Houston firefighters will push for a proposed charter amendment requiring binding arbitration rather than litigation in contract disputes with the city of Houston, the fire union announced on Wednesday.
The union is asking for 20,000 signatures by June, which it would then submit to the city to put the measure on the ballot in November. Union President Marty Lancton said about 5,000 people have already signed.
“We know that this is not a partisan issue,” Lancton said. “This is a good sense, common sense solution. We hope and we ask for the support of the citizens.”
It’s part of an ongoing pay dispute between the city and the Houston Professional Fire Fighters’ Association, and comes as Mayor Sylvester Turner finalizes what he called a pay raise in the city's upcoming budget.
But even that framing has been disputed on both sides: Turner, who promised an 18% pay raise over three years, could only guarantee one year in the budget, and the raise is set to be paid for by more than $600 million in federal funds. The union, meanwhile, has held that the mayor's offer is a temporary “bonus” — not a raise — because it involves temporary COVID-19 relief funding.
Lancton has argued that any raise must come from collective bargaining.
“The only way to bind the city, and to take care of the firefighters is to do it through a collective bargaining contract,” Lancton said Wednesday. “The mayor knows this. He’s a Harvard-trained attorney.”
In a statement, Turner called the raise in the budget "the first step in implementing" the three-year, 18% raise.
“Binding arbitration is not in the taxpayers’ best interest because it would put someone who is not elected or accountable to voters in charge of making decisions about employee salaries and benefits,” Turner said. “Instead, the city is ready to negotiate with the firefighters’ union through the regular course of business, which is collective bargaining.”
The union and the city are currently in a legal fight over the outstanding contract. In 2018, voters passed Proposition B, a charter amendment that required pay parity between Houston police and firefighters. That amendment was later challenged by the city and the police union, and a state district judge ruled in May 2019 that the proposition was "unconstitutional and void in its entirety."
Since then, the city and the firefighters union have tried and failed to negotiate in mediation, and Mayor Sylvester Turner has fought the union in court for four years. Most recently, the city argued that the union did not previously bargain in good faith, and that parts of the Fire and Police Employee Relations Act — a state law that regulates the collective bargaining rights of municipal unions — were unconstitutional.
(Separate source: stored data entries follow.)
lemma node_in_atoms:
  assumes "t \<le> T"
  shows "node t w \<in> atoms t" "w \<in> node t w"
proof -
  obtain \<mu> where "\<mu> \<in> atoms t" "w \<in> \<mu>"
    using atom_exists[OF assms] by blast
  then show "node t w \<in> atoms t" "w \<in> node t w"
    using node_eq[OF assms] by simp_all
qed

lemma inQ_paste:
  assumes "s \<le> T" "adapted atoms s Z" "\<And>w. inQ T atoms rate s (Z w)"
  shows "inQ T atoms rate s (\<lambda>w. Z w w)"
proof -
  have "\<forall>z\<in>range Z. \<exists>Y. liquidating T atoms rate s z Y"
    using assms(3) unfolding inQ_iff_liquidating by blast
  \<comment> \<open>choosing the strategy as a function of \<open>Z w\<close> rather than of \<open>w\<close> keeps the pasted strategy adapted\<close>
  then obtain L where "\<forall>z\<in>range Z. liquidating T atoms rate s z (L z)"
    by (blast dest: bchoice)
  then have L: "liquidating T atoms rate s (Z w) (L (Z w))" for w
    by blast
  define Y where "Y r w = L (Z w) r w" for r w
  have "adapted atoms s (\<lambda>w. Z w w)"
    unfolding adapted_def
  proof (intro ballI)
    fix \<mu> w w' assume \<mu>: "\<mu> \<in> atoms s" "w \<in> \<mu>" "w' \<in> \<mu>"
    have "adapted atoms s (Z w)"
      using assms(3) by (simp add: inQ_iff_liquidating)
    then have "Z w w = Z w w'"
      using \<mu> unfolding adapted_def by blast
    also have "\<dots> = Z w' w'"
      using assms(2) \<mu> unfolding adapted_def by metis
    finally show "Z w w = Z w' w'" .
  qed
  moreover have "adapted atoms (r - 1) (Y r)" if r: "r \<in> {Suc s..Suc T}" for r
    unfolding adapted_def
  proof (intro ballI)
    fix \<alpha> w w' assume \<alpha>: "\<alpha> \<in> atoms (r - 1)" "w \<in> \<alpha>" "w' \<in> \<alpha>"
    have "adapted atoms (r - 1) (L (Z w) r)"
      using L[of w] r unfolding liquidating_def by blast
    then have "Y r w = L (Z w) r w'"
      using \<alpha> unfolding adapted_def Y_def by blast
    also have "\<dots> = Y r w'"
    proof -
      have "s \<le> r - 1" "r - 1 \<le> T"
        using r by auto
      then have "adapted atoms (r - 1) Z"
        using adapted_mono[OF _ _ assms(2)] by blast
      then show ?thesis
        using \<alpha> unfolding adapted_def Y_def by metis
    qed
    finally show "Y r w = Y r w'" .
  qed
  moreover have "Y (Suc T) = (\<lambda>_. 0)"
    using L unfolding liquidating_def Y_def by (simp add: fun_eq_iff)
  moreover have "inK rate s (\<lambda>w. Z w w - Y (Suc s) w)"
    using L unfolding liquidating_def inK_def Y_def by blast
  moreover have "\<forall>r\<in>{Suc s..T}. inK rate r (\<lambda>w. Y r w - Y (Suc r) w)"
    using L unfolding liquidating_def inK_def Y_def by blast
  ultimately show ?thesis
    unfolding inQ_iff_liquidating liquidating_def by blast
qed
lemma parent_edges_eq:
  assumes "p < m"
  shows "(\<lambda>q. {tree_parent T p q, q}) ` ({..<m} - {p}) = T"
proof (intro equalityI subsetI)
  fix e assume "e \<in> (\<lambda>q. {tree_parent T p q, q}) ` ({..<m} - {p})"
  then show "e \<in> T"
    using tree_path_parent(2) assms by auto
next
  fix e assume e: "e \<in> T"
  then obtain a b where ab: "e = {a, b}" "a \<noteq> b"
    using tree unfolding spanning_tree_def is_graph_def by (metis card_2_iff)
  then have "a < m" "b < m"
    using e adj_less unfolding adj_def by auto
  have parent_edge: "e \<in> (\<lambda>q. {tree_parent T p q, q}) ` ({..<m} - {p})"
    if "e = {x, y}" "y < m" "y \<notin> set (tree_path T p x)" for x y
    using tree_parent_eqI[OF assms, of x y] that e by (auto simp: image_iff)
  show "e \<in> (\<lambda>q. {tree_parent T p q, q}) ` ({..<m} - {p})"
  proof (cases "b \<in> set (tree_path T p a)")
    case False
    show ?thesis
      using ab(1) \<open>b < m\<close> False by (rule parent_edge)
  next
    case True
    then obtain X Y where XY: "tree_path T p a = X @ b # Y"
      by (meson split_list)
    have "simple_path T (X @ b # Y) p a"
      using XY simple_path_tree_path[OF assms \<open>a < m\<close>] by simp
    then have "a \<in> set Y" "distinct (X @ b # Y)"
      using ab(2) unfolding simple_path_iff_successively by (auto split: if_splits)
    then have "a \<notin> set (X @ [b])"
      using ab(2) by auto
    then have "a \<notin> set (tree_path T p b)"
      using tree_path_prefix[OF assms \<open>a < m\<close> \<open>b < m\<close> XY] by simp
    moreover have "e = {b, a}"
      using ab(1) by (simp add: insert_commute)
    ultimately show ?thesis
      using \<open>a < m\<close> by (intro parent_edge)
  qed
qed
Both of those arguments were rejected by a state appellate court.
“I think that you need to look at the track record,” Lancton said. “The city consistently wastes taxpayer funds by fighting in court. And we continually tell people the truth, and it takes this long, and this much taxpayer funds in order to get to the truth that we knew about three years ago.”
A bill in the Texas Legislature that would have similarly required the city to resolve contract disputes through arbitration failed this session. One of the bill’s author’s — state Rep. Mary Ann Perez, D-Houston — spoke at the union’s announcement Wednesday, and called the mayor’s offer a “stipend” that comes from the federal government, not the city.
“Litigation has been a major waste of taxpayer money, and we need arbitration to resolve not just salary disputes, but other issues like workplace safety benefits,” Perez said.